Behind the Traffic decision there is an interest in renewing a rule that dates back to 1995 and that is so complex that it does not encourage Spaniards to start the procedures to be able to keep the car as a vehicle of historical interest. The DGT does not agree that Spain only has 48,000 cars classified as historic compared to the calculations of the body itself, which estimates that there are some 150,000 vehicles more likely to become so.

Compared to other countries, the figures that Spain presents in this regard are also derisory. In Germany, 600,000 vehicles are classified as historic and in the United Kingdom the figure rises to 1.5 million copies.

Traffic intends with the reform of the regulations to avoid the loss or departure of historic vehicles outside the national territory and to establish a regulation similar to that currently in place in other countries of the European Union. The new regulation will also regulate the possibility of driving historic vehicles on urban roads where circulation restrictions are established for environmental reasons, in order to "facilitate their use and, consequently, their conservation," according to De las Alas.

The new Regulation will introduce two different procedures to classify a car as historic. Two groups will be established based on their origin.

Vehicles registered in Spain will not have to have a specific license plate, but may keep the one they have due to its historical value.

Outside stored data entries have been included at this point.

lemma element_word: "s2 * s1 ^ 3 * s2 ^ 2 * s1 ^ 2 * s2 ^ 2 = t1 * word [1, - 3, 1] 2"
proof -
  have "s2 * s1 ^ 3 * s2 ^ 2 * s1 ^ 2 * s2 ^ 2
      = s2 * (s1 * (s1 * (s1 * (s2 * (s2 * (s1 * (s1 * (s2 * s2))))))))"
    by (simp add: power3_eq_cube power2_eq_square mult.assoc)
  also have "\<dots> = s2 * (s1 * (s1 * (t2 * (t2 * (z * (s1 * (s2 * s2)))))))"
    by (simp only: s1_s2_s2_s1)
  also have "\<dots> = s2 * (s1 * (s1 * (s2 * (t2 * (t2 * (t2 * (s1 * (s2 * (s2 * z)))))))))"
    by (simp add: z_push)
  also have "\<dots> = t1 * (t1 * (z * (t2 * (t2 * (t2 * (s1 * (s2 * (s2 * z))))))))"
    by (simp only: s2_s1_s1_s2)
  also have "\<dots> = t1 * (t1 * (s2_pow (- 3) * (s1 * (s2 * (s2 * (z * z))))))"
    by (simp add: z_push power3_eq_cube mult.assoc)
  also have "\<dots> = t1 * (s2 * (s1_pow (- 3) * (s2 * (z * z))))"
    by (simp only: s2_pow_s1_s2 cancel_inverses)
  finally show ?thesis
    by (simp add: word_simps power2_eq_square mult.assoc)
qed

lemma word_middle_recurrence:
  "word [x, n + 5, w] k = a * word [x, n + 4, w] k + b * word [x, n + 3, w] k
     + c * word [x, n + 2, w] k + d * word [x, n + 1, w] k + e * word [x, n, w] k"
  using zpow_sandwich_recurrence[OF s1_t1 t1_s1 quintic1, of "s2_pow x" n "s2_pow w * z_pow k"]
  by (simp add: word_simps mult.assoc)

definition X1 :: "'a set" where
  "X1 = mprod R (mprod R (mprod R (mprod R u1 {s2}) u1) {s2 * s1 ^ 3 * s2}) u1"
lemma path_cross_kernel_trivial:
  fixes P :: "nat \<Rightarrow> 'a::real_vector"
  assumes ends: "Z (l + 1) \<noteq> Z 0" and steps: "\<forall>m\<in>{2..l}. Z m \<noteq> Z (m - 1)"
    and bdry: "P 0 = 0" "P (l + 1) = 0" and ker: "\<forall>m\<in>{1..l}. path_cross Z P m = 0"
  shows "\<forall>k\<in>{1..l}. P k = 0"
proof -
  consider "l = 0" | "l = 1" | "l \<ge> 2" by linarith
  then show ?thesis
  proof cases
    case 2
    have "P 2 = 0" using bdry(2) unfolding 2 one_add_one .
    then have "(Z 2 - Z 0) *\<^sub>R P 1 = - path_cross Z P 1"
      unfolding path_cross_one using bdry(1) by (simp add: algebra_simps)
    then show ?thesis using ker ends 2 by (simp add: numeral_2_eq_2)
  next
    case 3
    obtain t where line: "\<forall>k\<in>{1..l + 1}. P k = (Z k - Z 0) *\<^sub>R t"
      using path_cross_kernel_collinear[OF 3 steps bdry(1) ker] by blast
    then have "(Z (l + 1) - Z 0) *\<^sub>R t = 0" using bdry(2) by simp
    then show ?thesis using line ends by simp
  qed simp
qed

lemma path_cross_kernel_nontrivial:
  assumes "l \<ge> 1" and ends: "Z (l + 1) = Z 0"
  shows "\<exists>P :: nat \<Rightarrow> real. P 0 = 0 \<and> P (l + 1) = 0 \<and> (\<exists>k\<in>{1..l}. P k \<noteq> 0) \<and>
    (\<forall>m\<in>{1..l}. path_cross Z P m = 0)"
proof (cases "\<exists>k\<in>{1..l}. Z k \<noteq> Z 0")
  case True
  have "path_cross Z (\<lambda>k. Z k - Z 0) m = 0" for m
    by (simp add: path_cross_def algebra_simps)
  then show ?thesis using True ends by (intro exI[of _ "\<lambda>k. Z k - Z 0"]) simp
next
  case False
  have const: "Z k = Z 0" if "k \<le> l + 1" for k
  proof (cases "k \<in> {1..l}")
    case out: False
    then have "k = 0 \<or> k = l + 1" using that by auto
    then show ?thesis using ends by blast
  qed (use False in blast)
  have ker: "path_cross Z P m = 0" if "m \<in> {1..l}" for P :: "nat \<Rightarrow> real" and m
  proof -
    have "m - 1 \<le> l + 1" "m \<le> l + 1" "m + 1 \<le> l + 1" using that by auto
    then have "Z (m - 1) = Z 0" "Z m = Z 0" "Z (m + 1) = Z 0" using const by blast+
    then show ?thesis by (simp add: path_cross_def)
  qed
  define P :: "nat \<Rightarrow> real" where "P k = (if k = 1 then 1 else 0)" for k
  have "P 0 = 0" "P (l + 1) = 0" "1 \<in> {1..l}" "P 1 \<noteq> 0" using assms(1) by (auto simp: P_def)
  then show ?thesis using ker by blast
qed

lemma path_cross_rows_dependent:
  assumes "Z m = Z (m - 1)" "m \<ge> 2"
  shows "\<exists>\<alpha> \<beta>. (\<alpha>, \<beta>) \<noteq> (0, 0) \<and>
    (\<forall>P :: nat \<Rightarrow> real. \<alpha> * path_cross Z P (m - 1) + \<beta> * path_cross Z P m = 0)"
proof -
  define A where "A = Z (m + 1) - Z m"
  define B where "B = Z (m - 1) - Z (m - 2)"
  have rows: "path_cross Z P (m - 1) = B * (P m - P (m - 1))" "path_cross Z P m = A * (P (m - 1) - P m)"
    for P :: "nat \<Rightarrow> real"
    using assms by (simp_all add: path_cross_def A_def B_def numeral_2_eq_2 Suc_diff_Suc)
  show ?thesis
  proof (cases "(A, B) = (0, 0)")
    case True
    then show ?thesis unfolding rows by (intro exI[of _ 1] exI[of _ 0]) simp
  next
    case False
    then show ?thesis unfolding rows by (intro exI[of _ A] exI[of _ B]) (simp add: algebra_simps)
  qed
qed

section \<open>Diagonal stabilization along a path\<close>

text \<open>Vanishes iff (Z k, P k) and (Z (k+1), P (k+1)) lie on a common line through (Z 0, 0).\<close>

definition path_transform :: "(nat \<Rightarrow> real) \<Rightarrow> (nat \<Rightarrow> 'a::real_vector) \<Rightarrow> nat \<Rightarrow> 'a" where
  "path_transform Z P k = (Z (k + 1) - Z 0) *\<^sub>R P k - (Z k - Z 0) *\<^sub>R P (k + 1)"

lemma path_transform_zero_imp_zero:
  assumes "\<forall>k\<in>{2..l+1}. Z k \<noteq> Z 0" "P (l + 1) = 0" "\<forall>k\<in>{1..l}. path_transform Z P k = 0"
  shows "\<forall>k\<in>{1..l}. P k = 0"
proof
  fix k assume "k \<in> {1..l}"
  then have "k \<le> l + 1" by simp
  then show "P k = 0"
  proof (induction rule: inc_induct)
    case (step n)
    then have "n \<in> {1..l}" "n + 1 \<in> {2..l+1}" using \<open>k \<in> {1..l}\<close> by auto
    then show ?case
      using assms(1)[rule_format, of "n + 1"] assms(3)[rule_format, of n] step.IH
      by (simp add: path_transform_def)
  qed (use assms in simp)
qed

text \<open>At k = 1 the denominator would be Z 1 - Z 0, which may vanish (nothing constrains leader 1
  against its neighbour 3); row 1 is handled with P 0 = 0 instead.\<close>

definition path_gain :: "(nat \<Rightarrow> real) \<Rightarrow> nat \<Rightarrow> real" where
  "path_gain Z k = (if k = 1 then 1 else (Z k - Z 0) / (Z k - Z (k - 1)))"

definition path_ratio :: "(nat \<Rightarrow> real) \<Rightarrow> nat \<Rightarrow> real" where
  "path_ratio Z k = (if k = 1 then 0 else (Z (k + 1) - Z k) / (Z k - Z (k - 1)))"

lemma path_cross_bidiagonal:
  assumes "P 0 = 0" "k \<ge> 1" "k \<ge> 2 \<Longrightarrow> Z k \<noteq> Z (k - 1)"
  shows "path_gain Z k *\<^sub>R path_cross Z P k = path_ratio Z k *\<^sub>R path_transform Z P (k - 1) - path_transform Z P k"
proof (cases "k = 1")
  case True
  then show ?thesis using assms(1)
    unfolding True path_gain_def path_ratio_def path_transform_def path_cross_one
    by (simp add: algebra_simps numeral_2_eq_2)
next
  case False
  define d where "d = Z k - Z (k - 1)"
  have "d \<noteq> 0" "k - 1 + 1 = k" using assms(2,3) False unfolding d_def by auto
  have "path_gain Z k *\<^sub>R path_cross Z P k = inverse d *\<^sub>R ((Z k - Z 0) *\<^sub>R path_cross Z P k)"
    using False by (simp add: path_gain_def d_def divide_inverse mult.commute)
  also have "(Z k - Z 0) *\<^sub>R path_cross Z P k =
      (Z (k + 1) - Z k) *\<^sub>R path_transform Z P (k - 1) - d *\<^sub>R path_transform Z P k"
    using \<open>k - 1 + 1 = k\<close> unfolding path_cross_def path_transform_def d_def by (simp add: algebra_simps)
  also have "inverse d *\<^sub>R \<dots> = path_ratio Z k *\<^sub>R path_transform Z P (k - 1) - path_transform Z P k"
    using False \<open>d \<noteq> 0\<close> by (simp add: path_ratio_def d_def divide_inverse mult.commute scaleR_diff_right)
  finally show ?thesis .
qed

text \<open>Row k scaled by path_scaling \<epsilon> Z k is of order \<epsilon>^k in the coordinates path_transform Z P;
  the coupling to row k+1 is then of relative order \<epsilon>.\<close>

definition path_scaling :: "real \<Rightarrow> (nat \<Rightarrow> real) \<Rightarrow> nat \<Rightarrow> real" where
  "path_scaling \<epsilon> Z k = - (\<epsilon> ^ k * path_gain Z k / (Z (k + 1) - Z 0))"

lemma path_scaling_cross:
  assumes "P 0 = 0" "k \<ge> 1" "k \<ge> 2 \<Longrightarrow> Z k \<noteq> Z (k - 1)" "Z (k + 1) \<noteq> Z 0"
  shows "(Z (k + 1) - Z 0) *\<^sub>R (path_scaling \<epsilon> Z k *\<^sub>R path_cross Z P k) =
    \<epsilon> ^ k *\<^sub>R (path_transform Z P k - path_ratio Z k *\<^sub>R path_transform Z P (k - 1))"
proof -
  have "(Z (k + 1) - Z 0) *\<^sub>R (path_scaling \<epsilon> Z k *\<^sub>R path_cross Z P k) =
      (- (\<epsilon> ^ k)) *\<^sub>R (path_gain Z k *\<^sub>R path_cross Z P k)"
    using assms(4) by (simp add: path_scaling_def)
  also have "\<dots> = (- (\<epsilon> ^ k)) *\<^sub>R (path_ratio Z k *\<^sub>R path_transform Z P (k - 1) - path_transform Z P k)"
    using path_cross_bidiagonal[where P = P and k = k and Z = Z, OF assms(1-3)] by simp
  finally show ?thesis by (simp add: algebra_simps)
qed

In this way, confusion will be avoided, since in some cases the cars kept both license plates -the original and the historical one- and, for example, some have been denounced for not having compulsory insurance, depending on the license plate that the agent noted. , and it did have it because it was attached to the other license plate.

Another novelty is that it will only be necessary to make a change of service, that is, go to the administration and ask that the car become "historical service" and that you want to keep the license plate. A new permit will be issued for these conditions and, in short, it will be a simple procedure that costs you just 28 euros. And when it is your turn to pass the ITV, the owner will report this change of service and a periodicity of revision will be imposed, always every more year than ordinary vehicles.

The procedures to classify imported vehicles that lack Spanish documentation or are semi-abandoned as historic will have to undergo an inspection to examine all their parts and verify their limitations. Then they will have to follow the rest of the procedures.